Back in the day when factory jobs vanished, certain regions became politically volatile. If the same thing happens to white-collar workers, the fallout could be even bigger. Jobs are more than paychecks. They’re the glue in society’s unspoken deal. Take enough of them away, and people start to question the system.
Work gives people status, identity, even meaning. If AI makes much of that work pointless or obsolete, it challenges some big ideas about how society works and what it means to “earn” success.
The UK—Early Warnings
There are already tales of people earning less because AI can now churn out logos and ads on the cheap. It’s not just design; research shows AI could start handling tasks throughout law, finance, customer service, and beyond. Whole industries are vulnerable, with “AI agents” possibly taking over jobs in everything from insurance to travel bookings.

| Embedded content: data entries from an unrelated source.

(* Let $\mathcal{G}$ be a connected $k$-uniform hypergraph with $n$ vertices. Then for every $j\in V(\mathcal{G})$, \[ {\rm ecc}(j)\geq \frac{k}{2(k-1)(n-1)\alpha_j(\mathcal{G})}. \]
   Context: A $k$-uniform hypergraph $\mathcal{G}$ has vertex set $V(\mathcal{G})=[n]$ and edge set $E(\mathcal{G})$ of $k$-element subsets of $V(\mathcal{G})$. A path of length $l$ is an alternating sequence $v_0e_1v_1\cdots e_lv_l$ of distinct vertices and distinct edges with $v_{i-1},v_i\in e_i$; $\mathcal{G}$ is connected if any two vertices are joined by a path. The distance $d(u,v)$ is the length of a shortest path between $u$ and $v$, and ${\rm ecc}(v)=\max_{u\in V(\mathcal{G})}d(u,v)$. For $\mathbf{x}\in\mathbb{R}^n$, $\mathcal{L}_\mathcal{G}\mathbf{x}^k=\sum_{\{i_1,\ldots,i_k\}\in E(\mathcal{G})}\left(x_{i_1}^k+\cdots+x_{i_k}^k-k\,x_{i_1}\cdots x_{i_k}\right)$, and the inverse Perron value of vertex $j$ is $\alpha_j(\mathcal{G})=\min\{\mathcal{L}_\mathcal{G}\mathbf{x}^k : \mathbf{x}\in\mathbb{R}^n_+,\ \sum_{i=1}^n x_i^k=1,\ x_j=0\}$. *)

theory Defs
  imports "HOL-Analysis.Analysis"
begin

definition uniform_hypergraph :: "nat \<Rightarrow> nat \<Rightarrow> nat set set \<Rightarrow> bool" where
  "uniform_hypergraph n k E \<longleftrightarrow> k \<ge> 2 \<and> (\<forall>e\<in>E. e \<subseteq> {1..n} \<and> card e = k)"

definition is_path :: "nat set set \<Rightarrow> nat list \<Rightarrow> nat set list \<Rightarrow> bool" where
  "is_path E vs es \<longleftrightarrow> length vs = Suc (length es) \<and> distinct vs \<and> distinct es \<and>
     set es \<subseteq> E \<and> (\<forall>i<length es. vs ! i \<in> es ! i \<and> vs ! Suc i \<in> es ! i)"

definition joins :: "nat set set \<Rightarrow> nat \<Rightarrow> nat \<Rightarrow> nat \<Rightarrow> bool" where
  "joins E u v l \<longleftrightarrow> (\<exists>vs es. is_path E vs es \<and> hd vs = u \<and> last vs = v \<and> length es = l)"

definition hg_connected :: "nat \<Rightarrow> nat set set \<Rightarrow> bool" where
  "hg_connected n E \<longleftrightarrow> (\<forall>u\<in>{1..n}. \<forall>v\<in>{1..n}. \<exists>l. joins E u v l)"

definition hg_dist :: "nat set set \<Rightarrow> nat \<Rightarrow> nat \<Rightarrow> nat" where
  "hg_dist E u v = (LEAST l. joins E u v l)"

definition ecc :: "nat \<Rightarrow> nat set set \<Rightarrow> nat \<Rightarrow> nat" where
  "ecc n E v = Max {hg_dist E u v | u. u \<in> {1..n}}"

definition lap_form :: "nat \<Rightarrow> nat set set \<Rightarrow> (nat \<Rightarrow> real) \<Rightarrow> real" where
  "lap_form k E x = (\<Sum>e\<in>E. (\<Sum>i\<in>e. x i ^ k) - real k * (\<Prod>i\<in>e. x i))"

text \<open>Inverse Perron value of vertex j (the minimum, written as an infimum).\<close>
definition inv_perron :: "nat \<Rightarrow> nat \<Rightarrow> nat set set \<Rightarrow> nat \<Rightarrow> real" where
  "inv_perron n k E j = Inf {lap_form k E x | x.
      (\<forall>i\<in>{1..n}. x i \<ge> 0) \<and> (\<Sum>i\<in>{1..n}. x i ^ k) = 1 \<and> x j = 0}"

end

theory Submission
  imports Defs
begin

text \<open>Take an admissible vector x and a vertex u with x_u^k \<ge> 1/(n-1), which exists since the
  coordinates off j carry total mass 1. Along a shortest path from u to j, where x vanishes, each
  edge e with consecutive path vertices a, b contributes at least (x_a^(k/2) - x_b^(k/2))^2 to the
  Laplacian form: this is AM-GM for the k numbers of e after replacing x_a and x_b by their geometric
  mean. Cauchy-Schwarz along the path gives x_u^k \<le> d(u,j) L x^k \<le> ecc(j) L x^k, hence
  \<alpha>_j \<ge> 1/((n-1) ecc(j)), which is stronger than the claim since k \<le> 2(k-1).\<close>

lemma powr_inverse_power:
  fixes y :: real assumes "y \<ge> 0" "k > 0"
  shows "(y ^ k) powr (1 / k) = y"
  using assms by (cases "y = 0") (simp_all add: powr_powr flip: powr_realpow)

lemma card_mult_prod_le_sum_power:
  fixes c :: "'a \<Rightarrow> real"
  assumes "finite S" "card S = k" "k > 0" "\<And>i. i \<in> S \<Longrightarrow> c i \<ge> 0"
  shows "real k * prod c S \<le> (\<Sum>i\<in>S. c i ^ k)"
proof -
  have "S \<noteq> {}" using assms by auto
  then have "(\<Prod>i\<in>S. c i ^ k) powr (1 / card S) \<le> (\<Sum>i\<in>S. c i ^ k / card S)"
    using assms by (intro arith_geom_mean) auto
  moreover have "(\<Prod>i\<in>S. c i ^ k) powr (1 / k) = prod c S"
    using assms by (simp add: prod_nonneg powr_inverse_power flip: prod_power_distrib)
  ultimately show ?thesis
    using assms by (simp add: field_simps flip: sum_divide_distrib)
qed

definition edge_defect :: "nat \<Rightarrow> (nat \<Rightarrow> real) \<Rightarrow> nat set \<Rightarrow> real" where
  "edge_defect k x e = (\<Sum>i\<in>e. x i ^ k) - real k * prod x e"

lemma lap_form_eq_sum_edge_defect: "lap_form k E x = (\<Sum>e\<in>E. edge_defect k x e)"
  by (simp add: lap_form_def edge_defect_def)

lemma edge_defect_nonneg:
  assumes "finite e" "card e = k" "k > 0" "\<And>i. i \<in> e \<Longrightarrow> x i \<ge> 0"
  shows "edge_defect k x e \<ge> 0"
  using card_mult_prod_le_sum_power[OF assms] by (simp add: edge_defect_def)

lemma edge_defect_ge_sqrt_diff:
  fixes x :: "nat \<Rightarrow> real"
  assumes "finite e" "card e = k" "k > 0" "\<And>i. i \<in> e \<Longrightarrow> x i \<ge> 0"
    and "a \<in> e" "b \<in> e" "a \<noteq> b"
  shows "(sqrt (x a ^ k) - sqrt (x b ^ k))\<^sup>2 \<le> edge_defect k x e"
proof -
  define w where "w = sqrt (x a * x b)"
  define c where "c i = (if i = a \<or> i = b then w else x i)" for i
  define R where "R = e - {a, b}"
  have xa: "x a \<ge> 0" and xb: "x b \<ge> 0" using assms by auto
  have e_eq: "e = insert a (insert b R)" and R: "a \<notin> R" "b \<notin> R" "finite R"
    using assms by (auto simp: R_def)
  have c_R: "\<And>i. i \<in> R \<Longrightarrow> c i = x i" by (auto simp: c_def R_def)
  have "prod c e = w * w * prod x R"
    using assms(7) R c_R by (simp add: e_eq c_def cong: prod.cong)
  also have "\<dots> = prod x e"
    using assms(7) R xa xb by (simp add: e_eq w_def)
  finally have prod_c: "prod c e = prod x e" .
  have sum_c: "(\<Sum>i\<in>e. c i ^ k) = 2 * w ^ k + (\<Sum>i\<in>R. x i ^ k)"
    using assms(7) R c_R by (simp add: e_eq c_def cong: sum.cong)
  have sum_x: "(\<Sum>i\<in>e. x i ^ k) = x a ^ k + x b ^ k + (\<Sum>i\<in>R. x i ^ k)"
    using assms(7) R by (simp add: e_eq)
  have "real k * prod c e \<le> (\<Sum>i\<in>e. c i ^ k)"
    using assms by (intro card_mult_prod_le_sum_power) (auto simp: c_def w_def)
  moreover have "w ^ k = sqrt (x a ^ k) * sqrt (x b ^ k)"
    by (simp add: w_def real_sqrt_mult real_sqrt_power power_mult_distrib)
  then have "(sqrt (x a ^ k) - sqrt (x b ^ k))\<^sup>2 = x a ^ k + x b ^ k - 2 * w ^ k"
    using xa xb by (simp add: power2_diff)
  ultimately show ?thesis
    using prod_c sum_c sum_x by (simp add: edge_defect_def)
qed

lemma square_diff_le_length_mult_sum:
  fixes f :: "nat \<Rightarrow> real"
  shows "(f 0 - f l)\<^sup>2 \<le> real l * (\<Sum>i<l. (f i - f (Suc i))\<^sup>2)"
proof -
  have "(\<Sum>i<l. (f i - f (Suc i)) * 1)\<^sup>2 \<le> (\<Sum>i<l. (f i - f (Suc i))\<^sup>2) * (\<Sum>i<l. 1\<^sup>2)"
    by (rule Cauchy_Schwarz_ineq_sum)
  then show ?thesis
    by (simp add: sum_lessThan_telescope' mult.commute)
qed

lemma sum_edge_defect_path_le_lap_form:
  assumes "finite E" "is_path E vs es" "\<And>e. e \<in> E \<Longrightarrow> edge_defect k x e \<ge> 0"
  shows "(\<Sum>i<length es. edge_defect k x (es ! i)) \<le> lap_form k E x"
proof -
  have "(\<Sum>i<length es. edge_defect k x (es ! i)) = (\<Sum>e\<in>set es. edge_defect k x e)"
    using assms(2) unfolding is_path_def
    by (simp add: sum_list_sum_nth atLeast0LessThan flip: sum_list_distinct_conv_sum_set)
  also have "\<dots> \<le> (\<Sum>e\<in>E. edge_defect k x e)"
    using assms unfolding is_path_def by (intro sum_mono2) auto
  finally show ?thesis by (simp add: lap_form_eq_sum_edge_defect)
qed

lemma path_sqrt_diff_le_lap_form:
  fixes x :: "nat \<Rightarrow> real"
  assumes "uniform_hypergraph n k E" "\<And>i. i \<in> {1..n} \<Longrightarrow> x i \<ge> 0"
    and "is_path E vs es"
  shows "(sqrt (x (hd vs) ^ k) - sqrt (x (last vs) ^ k))\<^sup>2 \<le> real (length es) * lap_form k E x"
proof -
  define l where "l = length es"
  define f where "f i = sqrt (x (vs ! i) ^ k)" for i
  have edges: "\<And>e. e \<in> E \<Longrightarrow> e \<subseteq> {1..n} \<and> card e = k" and "k > 0"
    using assms(1) by (auto simp: uniform_hypergraph_def)
  have finite_edges: "\<And>e. e \<in> E \<Longrightarrow> finite e"
    using edges finite_subset by blast
  have "finite E"
    using edges by (intro finite_subset[of E "Pow {1..n}"]) auto
  have nonneg: "\<And>i e. e \<in> E \<Longrightarrow> i \<in> e \<Longrightarrow> x i \<ge> 0"
    using edges assms(2) by blast
  have "length vs = Suc l" and "vs \<noteq> []"
    using assms(3) by (auto simp: is_path_def l_def)
  then have ends: "f 0 = sqrt (x (hd vs) ^ k)" "f l = sqrt (x (last vs) ^ k)"
    by (simp_all add: f_def hd_conv_nth last_conv_nth)
  have step: "(f i - f (Suc i))\<^sup>2 \<le> edge_defect k x (es ! i)" if "i < l" for i
  proof -
    have "es ! i \<in> E" "vs ! i \<in> es ! i" "vs ! Suc i \<in> es ! i" "vs ! i \<noteq> vs ! Suc i"
      using assms(3) that by (auto simp: is_path_def l_def nth_eq_iff_index_eq)
    then show ?thesis
      unfolding f_def using edges finite_edges nonneg \<open>k > 0\<close>
      by (intro edge_defect_ge_sqrt_diff) auto
  qed
  have "(f 0 - f l)\<^sup>2 \<le> real l * (\<Sum>i<l. (f i - f (Suc i))\<^sup>2)"
    by (rule square_diff_le_length_mult_sum)
  also have "\<dots> \<le> real l * (\<Sum>i<l. edge_defect k x (es ! i))"
    using step by (intro mult_left_mono sum_mono) auto
  also have "\<dots> \<le> real l * lap_form k E x"
    using \<open>finite E\<close> assms(3) edges finite_edges nonneg \<open>k > 0\<close> unfolding l_def
    by (intro mult_left_mono sum_edge_defect_path_le_lap_form edge_defect_nonneg) auto
  finally show ?thesis using ends by (simp add: l_def)
qed

lemma joins_hg_dist:
  assumes "hg_connected n E" "u \<in> {1..n}" "v \<in> {1..n}"
  shows "joins E u v (hg_dist E u v)"
  using assms unfolding hg_connected_def hg_dist_def by (meson LeastI_ex)

lemma hg_dist_le_ecc:
  assumes "u \<in> {1..n}"
  shows "hg_dist E u v \<le> ecc n E v"
  unfolding ecc_def using assms by (intro Max_ge) auto

lemma joins_length_pos:
  assumes "joins E u v l" "u \<noteq> v"
  shows "l > 0"
  using assms unfolding joins_def is_path_def
  by (metis gr0I hd_conv_nth last_conv_nth length_0_conv diff_Suc_1 nat.distinct(1))

lemma exists_ge_inverse_card:
  fixes g :: "'a \<Rightarrow> real"
  assumes "finite S" "S \<noteq> {}" "sum g S = 1"
  obtains u where "u \<in> S" "g u \<ge> 1 / card S"
proof (rule ccontr)
  assume "\<not> thesis"
  then have "\<And>u. u \<in> S \<Longrightarrow> g u < 1 / card S" using that by force
  then have "sum g S < (\<Sum>u\<in>S. 1 / card S)"
    using assms by (intro sum_strict_mono) auto
  then show False using assms by simp
qed

lemma lap_form_ge_inverse_ecc:
  fixes x :: "nat \<Rightarrow> real"
  assumes "uniform_hypergraph n k E" "hg_connected n E" "j \<in> {1..n}" "n \<ge> 2"
    and "\<forall>i\<in>{1..n}. x i \<ge> 0" "(\<Sum>i\<in>{1..n}. x i ^ k) = 1" "x j = 0"
  shows "ecc n E j \<ge> 1" "1 / ((real n - 1) * ecc n E j) \<le> lap_form k E x"
proof -
  have "k > 0" using assms(1) by (simp add: uniform_hypergraph_def)
  define S where "S = {1..n} - {j}"
  have "finite S" by (simp add: S_def)
  have "(\<Sum>i\<in>S. x i ^ k) = 1"
    using assms(3,6,7) \<open>k > 0\<close> by (simp add: S_def sum.remove zero_power)
  moreover have card_S: "card S = n - 1"
    using assms(3) by (simp add: S_def)
  moreover from this have "S \<noteq> {}"
    using assms(4) by auto
  ultimately obtain u where u_S: "u \<in> S" and "x u ^ k \<ge> 1 / card S"
    using \<open>finite S\<close> by (metis exists_ge_inverse_card)
  with card_S assms(4) have u_large: "x u ^ k \<ge> 1 / (real n - 1)"
    by (simp add: of_nat_diff)
  from u_S have u: "u \<in> {1..n}" "u \<noteq> j" by (auto simp: S_def)
  define l where "l = hg_dist E u j"
  obtain vs es where path: "is_path E vs es" "hd vs = u" "last vs = j" "length es = l"
    using joins_hg_dist[OF assms(2) u(1) assms(3)] by (auto simp: joins_def l_def)
  have l_le: "l \<le> ecc n E j" using hg_dist_le_ecc[OF u(1)] by (simp add: l_def)
  have "l > 0"
    using joins_length_pos joins_hg_dist[OF assms(2) u(1) assms(3)] u(2) by (simp add: l_def)
  then show ecc_pos: "ecc n E j \<ge> 1" using l_le by simp
  have "0 \<le> lap_form k E x"
    using assms(1,5) \<open>k > 0\<close> unfolding lap_form_eq_sum_edge_defect uniform_hypergraph_def
    by (intro sum_nonneg edge_defect_nonneg) (auto intro: finite_subset)
  have "(sqrt (x u ^ k) - sqrt (x j ^ k))\<^sup>2 \<le> real l * lap_form k E x"
    using path_sqrt_diff_le_lap_form[of n k E x vs es] assms(1,5) path by auto
  then have "x u ^ k \<le> real l * lap_form k E x"
    using assms(5,7) u(1) \<open>k > 0\<close> by (simp add: zero_power)
  also have "\<dots> \<le> ecc n E j * lap_form k E x"
    using l_le \<open>0 \<le> lap_form k E x\<close> by (intro mult_right_mono) auto
  finally have "1 / (real n - 1) \<le> ecc n E j * lap_form k E x"
    using u_large by linarith
  moreover have "real n - 1 > 0" "real (ecc n E j) > 0"
    using assms(4) ecc_pos by auto
  ultimately show "1 / ((real n - 1) * ecc n E j) \<le> lap_form k E x"
    by (simp add: field_simps)
qed

lemma inv_perron_ge_inverse_ecc:
  assumes "uniform_hypergraph n k E" "hg_connected n E" "j \<in> {1..n}" "n \<ge> 2"
  shows "ecc n E j \<ge> 1" "1 / ((real n - 1) * ecc n E j) \<le> inv_perron n k E j"
proof -
  define u where "u = (if j = 1 then 2 else 1::nat)"
  have u: "u \<in> {1..n}" "u \<noteq> j" using assms(3,4) by (auto simp: u_def)
  define x :: "nat \<Rightarrow> real" where "x i = (if i = u then 1 else 0)" for i
  have "k > 0" using assms(1) by (simp add: uniform_hypergraph_def)
  then have "(\<Sum>i\<in>{1..n}. x i ^ k) = (\<Sum>i\<in>{1..n}. if i = u then 1 else 0)"
    by (intro sum.cong) (auto simp: x_def)
  then have x: "\<forall>i\<in>{1..n}. x i \<ge> 0" "(\<Sum>i\<in>{1..n}. x i ^ k) = 1" "x j = 0"
    using u by (auto simp: x_def)
  then show "ecc n E j \<ge> 1" by (rule lap_form_ge_inverse_ecc[OF assms])
  show "1 / ((real n - 1) * ecc n E j) \<le> inv_perron n k E j"
    unfolding inv_perron_def using x lap_form_ge_inverse_ecc(2)[OF assms]
    by (intro cInf_greatest) blast+
qed

theorem theorem3p4:
  fixes n k :: nat and E :: "nat set set" and j :: nat
  assumes "uniform_hypergraph n k E"
    and "hg_connected n E"
    and "j \<in> {1..n}"
  shows "real (ecc n E j) \<ge> real k / (2 * (real k - 1) * (real n - 1) * inv_perron n k E j)"
proof (cases "n \<ge> 2")
  case False
  with assms(3) have "n = 1" by auto
  \<comment> \<open>the denominator is then 0, and division by 0 gives 0\<close>
  then show ?thesis by simp
next
  case True
  define a where "a = inv_perron n k E j"
  have D: "ecc n E j \<ge> 1" and a: "1 / ((real n - 1) * ecc n E j) \<le> a"
    using inv_perron_ge_inverse_ecc[OF assms True] by (simp_all add: a_def)
  have n: "real n - 1 > 0" using True by simp
  with D have "1 / ((real n - 1) * ecc n E j) > 0" by simp
  with a have "a > 0" by linarith
  have "k \<ge> 2" using assms(1) by (simp add: uniform_hypergraph_def)
  have "real k / (2 * (real k - 1) * (real n - 1) * a)
      = (real k / (2 * (real k - 1))) / ((real n - 1) * a)"
    by simp
  also have "\<dots> \<le> 1 / ((real n - 1) * a)"
    using \<open>k \<ge> 2\<close> n \<open>a > 0\<close> by (intro divide_right_mono) auto
  also have "\<dots> \<le> ecc n E j"
    using a n D \<open>a > 0\<close> by (simp add: field_simps)
  finally show ?thesis by (simp add: a_def)
qed

end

And it won’t stop there. Layoffs mean less spending, which leads to slower economic growth—a classic vicious cycle. There’s even talk about falling house prices as incomes get shakier.
Final Thoughts and a counter...
Of course not everyone’s worried. Some experts believe AI will spark a new wave of productivity, lower costs, and create jobs we can’t even imagine right now. The old idea of “creative destruction” applies: yes, old jobs may disappear, but new ones show up in their place.